WORK TO COMPLETE »
Output only the lines below that start at the line containing "by (simp add: Cpart_def J_simps" and end at the line containing "by (simp add: Delta_def Cpart_def", with both ends kept.

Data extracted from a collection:
(* Let $M\in\mathcal{G}$ be such that $C_M$ and $C_{M^{-1}}$ are invertible, and set $Z_M=C_M^{-1}D_M$, $Z_{M^{-1}}=C_{M^{-1}}^{-1}D_{M^{-1}}$. Then $$Z_M=(\mathbb{1}+\Delta_{M^{-1}})^{-1}(\mathbb{1}-\Delta_{M^{-1}}),\qquad Z_MJ=-JZ_M,\qquad M=C_M(\mathbb{1}+Z_M),$$ $$\mathbb{1}=C_{M^{-1}}C_M(\mathbb{1}-Z_M^2),\qquad Z_{M^{-1}}C_M=-C_MZ_M,$$ where $\Delta_{M}=-MJM^{-1}J$.
   Context: Either bosonic case ($\mathcal{G}=\mathrm{Sp}(2N,\mathbb{R})$ preserving $\Omega=\begin{pmatrix}0&\mathbb{1}\\-\mathbb{1}&0\end{pmatrix}$, $J^2=-\mathbb{1}$, $J\Omega J^\intercal=\Omega$, $-J\Omega>0$) or fermionic case ($\mathcal{G}=\mathrm{SO}(2N,\mathbb{R})$, $J$ orthogonal with $J^2=-\mathbb{1}$). For a real linear map $M$ of $\mathbb{R}^{2N}$: $C_M=\frac12(M-JMJ)$ (the part commuting with $J$) and $D_M=\frac12(M+JMJ)$ (the part anticommuting with $J$). *)

theory Defs
  imports "HOL-Analysis.Analysis"
begin

text \<open>Phase space R^(2N) is modelled with index type 'n + 'n (positions Inl i, momenta Inr i),
  so that N = CARD('n) is arbitrary (N \<ge> 1).\<close>

definition Omega :: "real ^ ('n::finite + 'n) ^ ('n + 'n)" where
  "Omega = (\<chi> i j. (case (i, j) of
      (Inl a, Inr b) \<Rightarrow> (if a = b then 1 else 0)
    | (Inr a, Inl b) \<Rightarrow> (if a = b then -1 else 0)
    | _ \<Rightarrow> 0))"

definition symplectic :: "real ^ ('n::finite + 'n) ^ ('n + 'n) \<Rightarrow> bool" where
  "symplectic M \<longleftrightarrow> M ** Omega ** transpose M = Omega"

definition bosonic_J :: "real ^ ('n::finite + 'n) ^ ('n + 'n) \<Rightarrow> bool" where
  "bosonic_J J \<longleftrightarrow> J ** J = - mat 1 \<and> J ** Omega ** transpose J = Omega \<and>
     transpose (- (J ** Omega)) = - (J ** Omega) \<and>
     (\<forall>x. x \<noteq> 0 \<longrightarrow> x \<bullet> ((- (J ** Omega)) *v x) > 0)"

definition special_orthogonal :: "real ^ ('n::finite + 'n) ^ ('n + 'n) \<Rightarrow> bool" where
  "special_orthogonal M \<longleftrightarrow> orthogonal_matrix M \<and> det M = 1"

definition fermionic_J :: "real ^ ('n::finite + 'n) ^ ('n + 'n) \<Rightarrow> bool" where
  "fermionic_J J \<longleftrightarrow> orthogonal_matrix J \<and> J ** J = - mat 1"

text \<open>C_M: part commuting with J; D_M: part anticommuting with J.\<close>
definition Cpart :: "real ^ 'm ^ 'm \<Rightarrow> real ^ 'm ^ 'm \<Rightarrow> real ^ 'm ^ 'm" where
  "Cpart J M = (1/2) *\<^sub>R (M - J ** M ** J)"

definition Dpart :: "real ^ 'm ^ 'm \<Rightarrow> real ^ 'm ^ 'm \<Rightarrow> real ^ 'm ^ 'm" where
  "Dpart J M = (1/2) *\<^sub>R (M + J ** M ** J)"

definition Zmat :: "real ^ 'm ^ 'm \<Rightarrow> real ^ 'm ^ 'm \<Rightarrow> real ^ 'm ^ 'm" where
  "Zmat J M = matrix_inv (Cpart J M) ** Dpart J M"

definition Delta :: "real ^ 'm ^ 'm \<Rightarrow> real ^ 'm ^ 'm \<Rightarrow> real ^ 'm ^ 'm" where
  "Delta J M = - (M ** J ** matrix_inv M ** J)"

end

theory Submission
  imports Defs
begin

text \<open>Splitting a matrix into its part C commuting with J and its part D anticommuting with J
  behaves like a block decomposition: C(NM) = C(N) C(M) + D(N) D(M) and
  D(NM) = C(N) D(M) + D(N) C(M). For N the inverse of M the left-hand sides are 1 and 0, and all
  identities follow from these two relations together with 1 + \<Delta>(N) = 2 N C(M) and
  1 - \<Delta>(N) = 2 N D(M). The group structure is only needed to know that M is invertible and
  that J squares to -1.\<close>

lemma matrix_add_rdistrib: "((A::'a::semiring_1^'n^'m) + B) ** C = A ** C + B ** C"
  by (simp add: matrix_matrix_mult_def vec_eq_iff sum.distrib distrib_right)

lemma matrix_diff_ldistrib: "(A::'a::ring_1^'n^'m) ** (B - C) = A ** B - A ** C"
  by (simp add: matrix_matrix_mult_def vec_eq_iff sum_subtractf right_diff_distrib)

lemma matrix_diff_rdistrib: "((A::'a::ring_1^'n^'m) - B) ** C = A ** C - B ** C"
  by (simp add: matrix_matrix_mult_def vec_eq_iff sum_subtractf left_diff_distrib)

lemma matrix_neg_left: "(- (A::'a::ring_1^'n^'m)) ** B = - (A ** B)"
  by (simp add: matrix_matrix_mult_def vec_eq_iff sum_negf)

lemma matrix_neg_right: "(A::'a::ring_1^'n^'m) ** (- B) = - (A ** B)"
  by (simp add: matrix_matrix_mult_def vec_eq_iff sum_negf)

lemma matrix_scaleR_right: "(A::'a::real_algebra_1^'n^'m) ** (k *\<^sub>R B) = k *\<^sub>R (A ** B)"
  by (simp add: matrix_scalar_ac scalar_matrix_assoc)

text \<open>On matrices, \<open>*\<close> is the componentwise product; \<open>algebra_simps\<close> produces \<open>A * 2\<close>
  from \<open>A + A\<close>, which this turns back into a scalar multiple.\<close>
lemma vec_mult_numeral: "(A::real^'n^'m) * numeral k = numeral k *\<^sub>R A"
  by (simp add: vec_eq_iff)

lemmas matrix_ring_simps = matrix_mul_assoc[symmetric] matrix_add_ldistrib matrix_add_rdistrib
  matrix_diff_ldistrib matrix_diff_rdistrib matrix_neg_left matrix_neg_right
  scalar_matrix_assoc[symmetric] matrix_scaleR_right vec_mult_numeral

lemma matrix_inv_left: "invertible A \<Longrightarrow> matrix_inv A ** A = mat 1"
  unfolding matrix_inv_def invertible_def by (rule someI2_ex) auto

lemma matrix_inv_right: "invertible A \<Longrightarrow> A ** matrix_inv A = mat 1"
  unfolding matrix_inv_def invertible_def by (rule someI2_ex) auto

lemma matrix_inv_unique:
  fixes A B :: "'a::field^'n^'n"
  assumes "A ** B = mat 1"
  shows "matrix_inv A = B"
proof -
  have "invertible A"
    using assms invertible_right_inverse by blast
  then have "matrix_inv A = matrix_inv A ** (A ** B)"
    by (simp add: assms)
  also have "\<dots> = B"
    by (simp add: matrix_mul_assoc matrix_inv_left \<open>invertible A\<close>)
  finally show ?thesis .
qed

lemma matrix_inv_inv:
  fixes A :: "'a::field^'n^'n"
  shows "invertible A \<Longrightarrow> matrix_inv (matrix_inv A) = A"
  by (simp add: matrix_inv_unique matrix_inv_left)

lemma invertible_matrix_inv:
  fixes A :: "'a::field^'n^'n"
  shows "invertible A \<Longrightarrow> invertible (matrix_inv A)"
  using invertible_right_inverse matrix_inv_left by blast

lemma matrix_inv_mult:
  fixes A B :: "'a::field^'n^'n"
  assumes "invertible A" and "invertible B"
  shows "matrix_inv (A ** B) = matrix_inv B ** matrix_inv A"
proof (rule matrix_inv_unique)
  have "A ** B ** (matrix_inv B ** matrix_inv A) = A ** (B ** matrix_inv B) ** matrix_inv A"
    by (simp add: matrix_mul_assoc)
  then show "A ** B ** (matrix_inv B ** matrix_inv A) = mat 1"
    by (simp add: assms matrix_inv_right)
qed

lemma matrix_inv_scaleR:
  fixes A :: "real^'n^'n"
  assumes "k \<noteq> 0" and "invertible A"
  shows "matrix_inv (k *\<^sub>R A) = inverse k *\<^sub>R matrix_inv A"
  by (rule matrix_inv_unique)
    (simp add: assms matrix_scaleR_right scalar_matrix_assoc[symmetric] matrix_inv_right)

lemma matrix_inv_commute:
  fixes A J :: "'a::field^'n^'n"
  assumes "invertible A" and "A ** J = J ** A"
  shows "matrix_inv A ** J = J ** matrix_inv A"
proof -
  have "matrix_inv A ** J = matrix_inv A ** J ** (A ** matrix_inv A)"
    by (simp add: assms(1) matrix_inv_right)
  also have "\<dots> = matrix_inv A ** (J ** A) ** matrix_inv A"
    by (simp add: matrix_mul_assoc)
  also have "\<dots> = matrix_inv A ** (A ** J) ** matrix_inv A"
    by (simp add: assms(2))
  also have "\<dots> = J ** matrix_inv A"
    by (simp add: assms(1) matrix_inv_left matrix_mul_assoc)
  finally show ?thesis .
qed

lemma Cpart_add_Dpart: "Cpart J M + Dpart J M = M"
proof -
  have "Cpart J M + Dpart J M = (1/2 + 1/2) *\<^sub>R M"
    unfolding Cpart_def Dpart_def scaleR_left_distrib by (simp add: algebra_simps)
  then show ?thesis
    by simp
qed

lemma Cpart_mult_one_add_Zmat:
  "invertible (Cpart J M) \<Longrightarrow> Cpart J M ** (mat 1 + Zmat J M) = M"
  by (simp add: Zmat_def matrix_add_ldistrib matrix_mul_assoc matrix_inv_right Cpart_add_Dpart)

context
  fixes J :: "real^'m^'m"
  assumes J_square: "J ** J = - mat 1"
begin

private lemma J_square_left: "J ** (J ** A) = - A"
  by (simp add: matrix_mul_assoc J_square matrix_neg_left)

private lemmas J_simps = matrix_ring_simps J_square J_square_left

lemma Cpart_commute: "Cpart J M ** J = J ** Cpart J M"
  by (simp add: Cpart_def J_simps algebra_simps)

lemma Dpart_anticommute: "Dpart J M ** J = - (J ** Dpart J M)"
  by (simp add: Dpart_def J_simps algebra_simps)

lemma Cpart_mult: "Cpart J (N ** M) = Cpart J N ** Cpart J M + Dpart J N ** Dpart J M"
  by (simp add: Cpart_def Dpart_def J_simps algebra_simps)

lemma Dpart_mult: "Dpart J (N ** M) = Cpart J N ** Dpart J M + Dpart J N ** Cpart J M"
  by (simp add: Cpart_def Dpart_def J_simps algebra_simps)

lemma Cpart_mat_1: "Cpart J (mat 1) = mat 1"
  by (simp add: Cpart_def J_square)

lemma Dpart_mat_1: "Dpart J (mat 1) = 0"
  by (simp add: Dpart_def J_square)

lemma Zmat_anticommute:
  assumes "invertible (Cpart J M)"
  shows "Zmat J M ** J = - (J ** Zmat J M)"
proof -
  have "matrix_inv (Cpart J M) ** J = J ** matrix_inv (Cpart J M)"
    using assms Cpart_commute by (rule matrix_inv_commute)
  then show ?thesis
    unfolding Zmat_def
    by (simp add: Dpart_anticommute matrix_neg_right flip: matrix_mul_assoc)
      (simp add: matrix_mul_assoc)
qed

lemma one_add_Delta_matrix_inv:
  "invertible M \<Longrightarrow> mat 1 + Delta J (matrix_inv M) = 2 *\<^sub>R (matrix_inv M ** Cpart J M)"
  by (simp add: Delta_def Cpart_def matrix_inv_inv matrix_inv_left J_simps algebra_simps)

lemma one_diff_Delta_matrix_inv:
  "invertible M \<Longrightarrow> mat 1 - Delta J (matrix_inv M) = 2 *\<^sub>R (matrix_inv M ** Dpart J M)"
  by (simp add: Delta_def Dpart_def matrix_inv_inv matrix_inv_left J_simps algebra_simps)

lemma invertible_one_add_Delta_matrix_inv:
  assumes "invertible M" and "invertible (Cpart J M)"
  shows "invertible (mat 1 + Delta J (matrix_inv M))"
  unfolding one_add_Delta_matrix_inv[OF assms(1)]
  by (intro scalar_invertible invertible_mult invertible_matrix_inv assms) simp

lemma Zmat_eq_Cayley_Delta:
  assumes "invertible M" and "invertible (Cpart J M)"
  shows "Zmat J M = matrix_inv (mat 1 + Delta J (matrix_inv M)) ** (mat 1 - Delta J (matrix_inv M))"
proof -
  have "matrix_inv (mat 1 + Delta J (matrix_inv M)) = (1/2) *\<^sub>R (matrix_inv (Cpart J M) ** M)"
    by (simp add: one_add_Delta_matrix_inv matrix_inv_scaleR matrix_inv_mult matrix_inv_inv
        invertible_mult invertible_matrix_inv assms)
  then show ?thesis
    by (simp add: Zmat_def one_diff_Delta_matrix_inv assms(1) matrix_inv_right matrix_ring_simps)
      (simp add: matrix_mul_assoc assms(1) matrix_inv_right)
qed

context
  fixes M N :: "real^'m^'m"
  assumes inverse: "N ** M = mat 1"
begin

lemma Cpart_mult_of_inverse:
  "Cpart J N ** Cpart J M + Dpart J N ** Dpart J M = mat 1"
  using Cpart_mult[of N M] by (simp add: inverse Cpart_mat_1)

lemma Dpart_mult_of_inverse: "Cpart J N ** Dpart J M = - (Dpart J N ** Cpart J M)"
  using Dpart_mult[of N M] by (simp add: inverse Dpart_mat_1 eq_neg_iff_add_eq_0)

lemma Cpart_mult_one_diff_Zmat_square:
  assumes "invertible (Cpart J M)"
  shows "Cpart J N ** Cpart J M ** (mat 1 - Zmat J M ** Zmat J M) = mat 1"
proof -
  let ?C = "Cpart J M" and ?D = "Dpart J M"
  have "Cpart J N ** ?C ** (mat 1 - Zmat J M ** Zmat J M)
      = Cpart J N ** ?C - Cpart J N ** (?C ** matrix_inv ?C) ** ?D ** matrix_inv ?C ** ?D"
    by (simp add: Zmat_def matrix_diff_ldistrib matrix_mul_assoc)
  also have "\<dots> = Cpart J N ** ?C + Dpart J N ** ?D"
    by (simp add: assms matrix_inv_right Dpart_mult_of_inverse matrix_neg_left)
      (simp add: assms matrix_inv_right flip: matrix_mul_assoc)
  finally show ?thesis
    by (simp add: Cpart_mult_of_inverse)
qed

lemma Zmat_inverse_mult_Cpart:
  assumes "invertible (Cpart J M)" and "invertible (Cpart J N)"
  shows "Zmat J N ** Cpart J M = - (Cpart J M ** Zmat J M)"
proof -
  have "Zmat J N ** Cpart J M = - (matrix_inv (Cpart J N) ** Cpart J N ** Dpart J M)"
    by (simp add: Zmat_def Dpart_mult_of_inverse matrix_neg_right flip: matrix_mul_assoc)
  also have "\<dots> = - (Cpart J M ** Zmat J M)"
    by (simp add: Zmat_def assms matrix_inv_left matrix_inv_right matrix_mul_assoc)
  finally show ?thesis .
qed

end

end

lemma Omega_square: "(Omega :: real^('n::finite + 'n)^('n + 'n)) ** Omega = - mat 1"
  unfolding Omega_def matrix_matrix_mult_def mat_def
  apply (simp add: vec_eq_iff UNIV_Plus_UNIV[symmetric] sum.Plus del: UNIV_Plus_UNIV)
  apply (intro allI)
  subgoal for i j by (cases i; cases j) (auto simp: if_distrib if_distribR cong: if_cong)
  done

lemma symplectic_invertible:
  assumes "symplectic M"
  shows "invertible M"
proof -
  have "M ** (Omega ** transpose M ** (- Omega)) = Omega ** (- Omega)"
    using assms by (simp add: symplectic_def matrix_mul_assoc)
  also have "\<dots> = mat 1"
    by (simp add: matrix_neg_right Omega_square)
  finally show ?thesis
    using invertible_right_inverse by blast
qed

lemma special_orthogonal_invertible: "special_orthogonal M \<Longrightarrow> invertible M"
  unfolding special_orthogonal_def orthogonal_matrix using invertible_left_inverse by blast

theorem lemma2:
  fixes M J :: "real ^ ('n::finite + 'n) ^ ('n + 'n)"
  assumes group_case: "(symplectic M \<and> bosonic_J J) \<or> (special_orthogonal M \<and> fermionic_J J)"
    and CM: "invertible (Cpart J M)"
    and CMi: "invertible (Cpart J (matrix_inv M))"
  shows "invertible (mat 1 + Delta J (matrix_inv M)) \<and>
         Zmat J M = matrix_inv (mat 1 + Delta J (matrix_inv M)) ** (mat 1 - Delta J (matrix_inv M)) \<and>
         Zmat J M ** J = - (J ** Zmat J M) \<and>
         M = Cpart J M ** (mat 1 + Zmat J M) \<and>
         mat 1 = Cpart J (matrix_inv M) ** Cpart J M ** (mat 1 - Zmat J M ** Zmat J M) \<and>
         Zmat J (matrix_inv M) ** Cpart J M = - (Cpart J M ** Zmat J M)"
proof -
  have J_square: "J ** J = - mat 1"
    using group_case by (auto simp: bosonic_J_def fermionic_J_def)
  have "invertible M"
    using group_case symplectic_invertible special_orthogonal_invertible by blast
  then have inverse: "matrix_inv M ** M = mat 1"
    by (rule matrix_inv_left)
  show ?thesis
    using invertible_one_add_Delta_matrix_inv[OF J_square \<open>invertible M\<close> CM]
      Zmat_eq_Cayley_Delta[OF J_square \<open>invertible M\<close> CM]
      Zmat_anticommute[OF J_square CM]
      Cpart_mult_one_add_Zmat[OF CM]
      Cpart_mult_one_diff_Zmat_square[OF J_square inverse CM]
      Zmat_inverse_mult_Cpart[OF J_square inverse CM CMi]
    by simp
qed

end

SOLUTION FOR THIS TASK »
  by (simp add: Cpart_def J_simps algebra_simps)

lemma Dpart_anticommute: "Dpart J M ** J = - (J ** Dpart J M)"
  by (simp add: Dpart_def J_simps algebra_simps)

lemma Cpart_mult: "Cpart J (N ** M) = Cpart J N ** Cpart J M + Dpart J N ** Dpart J M"
  by (simp add: Cpart_def Dpart_def J_simps algebra_simps)

lemma Dpart_mult: "Dpart J (N ** M) = Cpart J N ** Dpart J M + Dpart J N ** Cpart J M"
  by (simp add: Cpart_def Dpart_def J_simps algebra_simps)

lemma Cpart_mat_1: "Cpart J (mat 1) = mat 1"
  by (simp add: Cpart_def J_square)

lemma Dpart_mat_1: "Dpart J (mat 1) = 0"
  by (simp add: Dpart_def J_square)

lemma Zmat_anticommute:
  assumes "invertible (Cpart J M)"
  shows "Zmat J M ** J = - (J ** Zmat J M)"
proof -
  have "matrix_inv (Cpart J M) ** J = J ** matrix_inv (Cpart J M)"
    using assms Cpart_commute by (rule matrix_inv_commute)
  then show ?thesis
    unfolding Zmat_def
    by (simp add: Dpart_anticommute matrix_neg_right flip: matrix_mul_assoc)
      (simp add: matrix_mul_assoc)
qed

lemma one_add_Delta_matrix_inv:
  "invertible M \<Longrightarrow> mat 1 + Delta J (matrix_inv M) = 2 *\<^sub>R (matrix_inv M ** Cpart J M)"
  by (simp add: Delta_def Cpart_def matrix_inv_inv matrix_inv_left J_simps algebra_simps)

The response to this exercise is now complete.